## Exercise inputs
"""

lemma inner_comp_le:
  assumes "nrm x = 1"
    and adj: "\<And>x y. f (S x) y = f x (S' y)"
    and T_le: "\<And>v. nrm (T v) \<le> a * nrm v" and S'_le: "\<And>v. nrm (S' v) \<le> b * nrm v"
    and ST_le: "\<And>v. cmod (f (S (T v)) v) \<le> w * nrm v ^ 2"
    and "a \<ge> 0" "b \<ge> 0" "w \<ge> 0"
  shows "cmod (f (T (S x)) x) \<le> (w + a * b) / 2"
proof -
  define v where "v = S x"
  show ?thesis
  proof (cases "nrm v = 0")
    case True
    then have "nrm (T v) = 0"
      using T_le[of v] nrm_nonneg[of "T v"] by simp
    then show ?thesis
      using cauchy_schwarz[of "T v" x] \<open>a \<ge> 0\<close> \<open>b \<ge> 0\<close> \<open>w \<ge> 0\<close> by (simp add: v_def)
  next
    case False
    then have "nrm v > 0"
      using nrm_nonneg[of v] by linarith
    have "f x (S' v) = f v v"
      by (simp add: adj v_def)
    also have "\<dots> = complex_of_real (nrm v ^ 2)"
      by (rule diag_eq_nrm_sq)
    finally have "f x (S' v) = complex_of_real (nrm v ^ 2)" .
    moreover have "f (T v) (S' v) = f (S (T v)) v"
      by (simp add: adj)
    ultimately have "cmod (f (T v) x) * nrm v ^ 2 \<le> (nrm (T v) * nrm (S' v) + cmod (f (S (T v)) v)) / 2"
      using buzano[OF \<open>nrm x = 1\<close>, of "T v" "S' v"] by (simp add: norm_mult norm_power)
    also have "\<dots> \<le> ((a * nrm v) * (b * nrm v) + w * nrm v ^ 2) / 2"
      using T_le S'_le ST_le \<open>a \<ge> 0\<close>
      by (intro divide_right_mono add_mono mult_mono) (simp_all add: Re_diag_nonneg)
    also have "\<dots> = (w + a * b) / 2 * nrm v ^ 2"
      by (simp add: algebra_simps power2_eq_square)
    finally show ?thesis
      using \<open>nrm v > 0\<close> by (simp add: v_def)
  qed
qed

theorem numrad_comp_le:
  assumes "nrm u = 1"
    and hom_T: "\<And>a x. T (sc a x) = sc a (T x)" and bound_T: "\<And>x. nrm (T x) \<le> K * nrm x"
    and hom_S: "\<And>a x. S (sc a x) = sc a (S x)" and bound_S: "\<And>x. nrm (S x) \<le> L * nrm x"
    and adj_S: "\<And>x y. f (S x) y = f x (S' y)"
  shows "numrad (T \<circ> S) \<le> (1/2) * (numrad (S \<circ> T) + opnorm T * opnorm S)"
proof -
  have T_le: "nrm (T x) \<le> opnorm T * nrm x" for x
    using norm_le_opnorm[OF hom_T bound_T] .
  have S_le: "nrm (S x) \<le> opnorm S * nrm x" for x
    using norm_le_opnorm[OF hom_S bound_S] .
  have "opnorm T \<ge> 0" "opnorm S \<ge> 0"
    using opnorm_nonneg \<open>nrm u = 1\<close> bound_T bound_S by blast+
  have ST_le: "nrm ((S \<circ> T) x) \<le> (opnorm S * opnorm T) * nrm x" for x
    using order_trans[OF S_le mult_left_mono[OF T_le \<open>opnorm S \<ge> 0\<close>]] by (simp add: mult.assoc)
  have ST_hom: "(S \<circ> T) (sc a x) = sc a ((S \<circ> T) x)" for a x
    by (simp add: hom_S hom_T)
  show ?thesis
  proof (rule numrad_le[OF \<open>nrm u = 1\<close>])
    fix x assume "nrm x = 1"
    then show "cmod (f ((T \<circ> S) x) x) \<le> (1/2) * (numrad (S \<circ> T) + opnorm T * opnorm S)"
      using inner_comp_le[OF _ adj_S T_le adjoint_norm_le[OF adj_S S_le \<open>opnorm S \<ge> 0\<close>]
          inner_le_numrad[OF ST_hom ST_le, unfolded o_apply]]
        \<open>opnorm T \<ge> 0\<close> \<open>opnorm S \<ge> 0\<close> numrad_nonneg[OF \<open>nrm u = 1\<close> ST_le]
      by (simp add: comp_def)
  qed
qed

end

lemma sesquilinear_hermitian_if_real_diagonal:
  fixes sc :: "complex \<Rightarrow> 'a::ab_group_add \<Rightarrow> 'a" and g :: "'a \<Rightarrow> 'a \<Rightarrow> complex"
  assumes add: "\<And>u v w. g (u + v) w = g u w + g v w" "\<And>u v w. g w (u + v) = g w u + g w v"
    and scale: "\<And>a u w. g (sc a u) w = a * g u w" "\<And>a u w. g w (sc a u) = cnj a * g w u"
    and real: "\<And>z. Im (g z z) = 0"
  shows "g y x = cnj (g x y)"
proof -
  have conj_diag: "cnj (g z z) = g z z" for z
    using real[of z] by (simp add: complex_eq_iff)
  have "g (x + y) (x + y) = g x x + g x y + g y x + g y y"
    by (simp add: add)
  then have re: "cnj (g x y) + cnj (g y x) = g x y + g y x"
    using conj_diag[of "x + y"] conj_diag[of x] conj_diag[of y] by (simp add: algebra_simps)
  have "g (x + sc \<i> y) (x + sc \<i> y) = g x x - \<i> * g x y + \<i> * g y x + g y y"
    by (simp add: add scale algebra_simps)
  then have "cnj (g x x - \<i> * g x y + \<i> * g y x + g y y) = g x x - \<i> * g x y + \<i> * g y x + g y y"
    using conj_diag[of "x + sc \<i> y"] by simp
  then have "\<i> * (cnj (g x y) - cnj (g y x)) = \<i> * (g y x - g x y)"
    using conj_diag[of x] conj_diag[of y] by (simp add: algebra_simps)
  then have im: "cnj (g x y) - cnj (g y x) = g y x - g x y"
    by simp
  have "2 * cnj (g x y) = 2 * g y x"
    using arg_cong2[OF re im, of "(+)"] by (simp add: algebra_simps)
  then show ?thesis
    by simp
qed

lemma complex_hilbert_space_semi_inner_product:
  assumes "complex_hilbert_space sc ip"
  shows "semi_inner_product sc ip"
proof -
  have "(\<forall>x y z. ip (x + y) z = ip x z + ip y z) \<and> (\<forall>a x y. ip (sc a x) y = a * ip x y) \<and>
      (\<forall>x y. ip y x = cnj (ip x y)) \<and> (\<forall>x. Im (ip x x) = 0 \<and> Re (ip x x) \<ge> 0)"
    using assms unfolding complex_hilbert_space_def by (elim conjE) (intro conjI; assumption)
  then show ?thesis
    by unfold_locales blast+
qed

lemma complex_hilbert_space_definite:
  assumes "complex_hilbert_space sc ip" and "ip x x = 0"
  shows "x = 0"
proof -
  have "\<forall>x. ip x x = 0 \<longrightarrow> x = 0"
    using assms(1) unfolding complex_hilbert_space_def by (elim conjE) assumption
  with assms(2) show ?thesis
    by blast
qed

locale positive_operator =
  fixes sc :: "complex \<Rightarrow> 'a::ab_group_add \<Rightarrow> 'a" and ip :: "'a \<Rightarrow> 'a \<Rightarrow> complex" and A :: "'a \<Rightarrow> 'a"
  assumes hilbert: "complex_hilbert_space sc ip" and positive: "positive_op sc ip A"
begin

sublocale H: semi_inner_product sc ip
  by (rule complex_hilbert_space_semi_inner_product[OF hilbert])

lemma bounded_opE:
  assumes "bounded_op sc ip T"
  obtains C where "C \<ge> 0" "\<And>x. H.nrm (T x) \<le> C * H.nrm x"
proof -
  obtain C where C: "\<And>x. H.nrm (T x) \<le> C * H.nrm x"
    using assms unfolding bounded_op_def hnorm_def by blast
  show thesis
  proof (rule that)
    show "H.nrm (T x) \<le> max C 0 * H.nrm x" for x
      by (rule order_trans[OF C mult_right_mono]) (simp_all add: H.Re_diag_nonneg)
  qed simp
qed

lemma A_add: "A (x + y) = A x + A y" and A_scale: "A (sc a x) = sc a (A x)"
  using positive unfolding positive_op_def bounded_op_def by auto

sublocale HA: semi_inner_product sc "A_ip ip A"
proof unfold_locales
  have hermitian: "ip (A y) x = cnj (ip (A x) y)" for x y
  proof (rule sesquilinear_hermitian_if_real_diagonal[of "\<lambda>x y. ip (A x) y" sc])
    show "Im (ip (A z) z) = 0" for z
      using positive by (simp add: positive_op_def)
  qed (simp_all add: A_add A_scale H.add_left H.add_right H.scale_left H.scale_right)
  show "A_ip ip A y x = cnj (A_ip ip A x y)" for x y
    unfolding A_ip_def by (rule hermitian)
  show "Im (A_ip ip A x x) = 0" "Re (A_ip ip A x x) \<ge> 0" for x
    using positive by (simp_all add: A_ip_def positive_op_def)
qed (simp_all add: A_ip_def A_add A_scale H.add_left H.scale_left)

lemma A_opnorm_eq: "A_opnorm ip A X = HA.opnorm X"
  by (simp add: A_opnorm_def HA.opnorm_def A_norm_def A_ip_def)

lemma A_numrad_eq: "A_numrad ip A X = HA.numrad X"
  by (simp add: A_numrad_def HA.numrad_def A_norm_def A_ip_def)

lemma A_seminorm_le_norm:
  obtains c where "c \<ge> 0" "\<And>z. HA.nrm z \<le> c * H.nrm z"
proof -
  obtain C where "C \<ge> 0" and C: "\<And>x. H.nrm (A x) \<le> C * H.nrm x"
    using bounded_opE positive unfolding positive_op_def by blast
  have "HA.nrm z \<le> sqrt C * H.nrm z" for z
  proof -
    have "Re (ip (A z) z) \<le> H.nrm (A z) * H.nrm z"
      using complex_Re_le_cmod H.cauchy_schwarz order_trans by blast
    also have "\<dots> \<le> C * (H.nrm z * H.nrm z)"
      using mult_right_mono[OF C H.nrm_nonneg] by (simp only: mult.assoc)
    finally have "HA.nrm z \<le> sqrt (C * (H.nrm z * H.nrm z))"
      unfolding A_ip_def by (rule real_sqrt_le_mono)
    then show ?thesis
      using H.nrm_nonneg[of z] by (simp only: real_sqrt_mult[of C] real_sqrt_abs2 abs_of_nonneg)
  qed
  with \<open>C \<ge> 0\<close> show thesis
    using that[of "sqrt C"] by simp
qed

text \<open>Membership in \<open>\<B>\<^sub>A(\<H>)\<close> only asks for boundedness in the norm of \<open>\<H>\<close>.
  Boundedness in the seminorm comes from a spectral-radius argument: \<open>T' \<circ> T\<close> is
  \<open>A\<close>-selfadjoint, its powers grow at most geometrically in the norm of \<open>\<H>\<close>, which dominates
  the seminorm, and \<open>\<parallel>T x\<parallel>\<^sub>A\<^sup>2 \<le> \<parallel>x\<parallel>\<^sub>A \<parallel>T' (T x)\<parallel>\<^sub>A\<close>.\<close>
lemma BA_seminorm_bounded:
  assumes "T \<in> BA sc ip A"
  obtains K where "\<And>x. HA.nrm (T x) \<le> K * HA.nrm x"
proof -
  obtain T' where "bounded_op sc ip T" "bounded_op sc ip T'"
    and adj: "\<And>x y. A_ip ip A (T x) y = A_ip ip A x (T' y)"
    using assms unfolding BA_def by blast
  then obtain C1 C2 where "C1 \<ge> 0" "C2 \<ge> 0"
    and C1: "\<And>x. H.nrm (T x) \<le> C1 * H.nrm x" and C2: "\<And>x. H.nrm (T' x) \<le> C2 * H.nrm x"
    using bounded_opE by metis
  obtain c where "c \<ge> 0" and c: "\<And>z. HA.nrm z \<le> c * H.nrm z"
    using A_seminorm_le_norm by blast
  define K where "K = C2 * C1 + 1"
  have "K > 0"
    using \<open>C1 \<ge> 0\<close> \<open>C2 \<ge> 0\<close> by (simp add: K_def add_nonneg_pos)
  have R_le: "H.nrm ((T' \<circ> T) x) \<le> K * H.nrm x" for x
  proof -
    have "H.nrm (T' (T x)) \<le> C2 * (C1 * H.nrm x)"
      using order_trans[OF C2 mult_left_mono[OF C1 \<open>C2 \<ge> 0\<close>]] .
    also have "\<dots> \<le> K * H.nrm x"
      by (simp add: K_def mult.assoc[symmetric] distrib_right H.Re_diag_nonneg)
    finally show ?thesis
      by simp
  qed
  have growth: "HA.nrm (((T' \<circ> T) ^^ m) x) \<le> (c * H.nrm x) * K ^ m" for m x
    using order_trans[OF c mult_left_mono[OF H.funpow_norm_le[OF R_le] \<open>c \<ge> 0\<close>]] \<open>K > 0\<close>
    by (simp only: mult_ac less_imp_le)
  have "HA.nrm (T x) \<le> sqrt K * HA.nrm x" for x
  proof (rule HA.norm_le_sqrt_adjoint_comp_bound[OF _ adj])
    show "T (sc a x) = sc a (T x)" for a x
      using \<open>bounded_op sc ip T\<close> unfolding bounded_op_def by blast
    show "HA.nrm (T' (T x)) \<le> K" if "HA.nrm x = 1" for x
      using HA.selfadjoint_norm_le_growth_rate[OF HA.adjoint_comp_selfadjoint[OF adj] that \<open>K > 0\<close> growth]
      by simp
  qed
  then show thesis
    by (rule that)
qed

"""

## What is expected
The records above should be printed exactly, please, from the first line through the line containing "using T_le[of v]", with both ends kept and nothing past it.

## Solution below
lemma inner_comp_le:
  assumes "nrm x = 1"
    and adj: "\<And>x y. f (S x) y = f x (S' y)"
    and T_le: "\<And>v. nrm (T v) \<le> a * nrm v" and S'_le: "\<And>v. nrm (S' v) \<le> b * nrm v"
    and ST_le: "\<And>v. cmod (f (S (T v)) v) \<le> w * nrm v ^ 2"
    and "a \<ge> 0" "b \<ge> 0" "w \<ge> 0"
  shows "cmod (f (T (S x)) x) \<le> (w + a * b) / 2"
proof -
  define v where "v = S x"
  show ?thesis
  proof (cases "nrm v = 0")
    case True
    then have "nrm (T v) = 0"
      using T_le[of v] nrm_nonneg[of "T v"] by simp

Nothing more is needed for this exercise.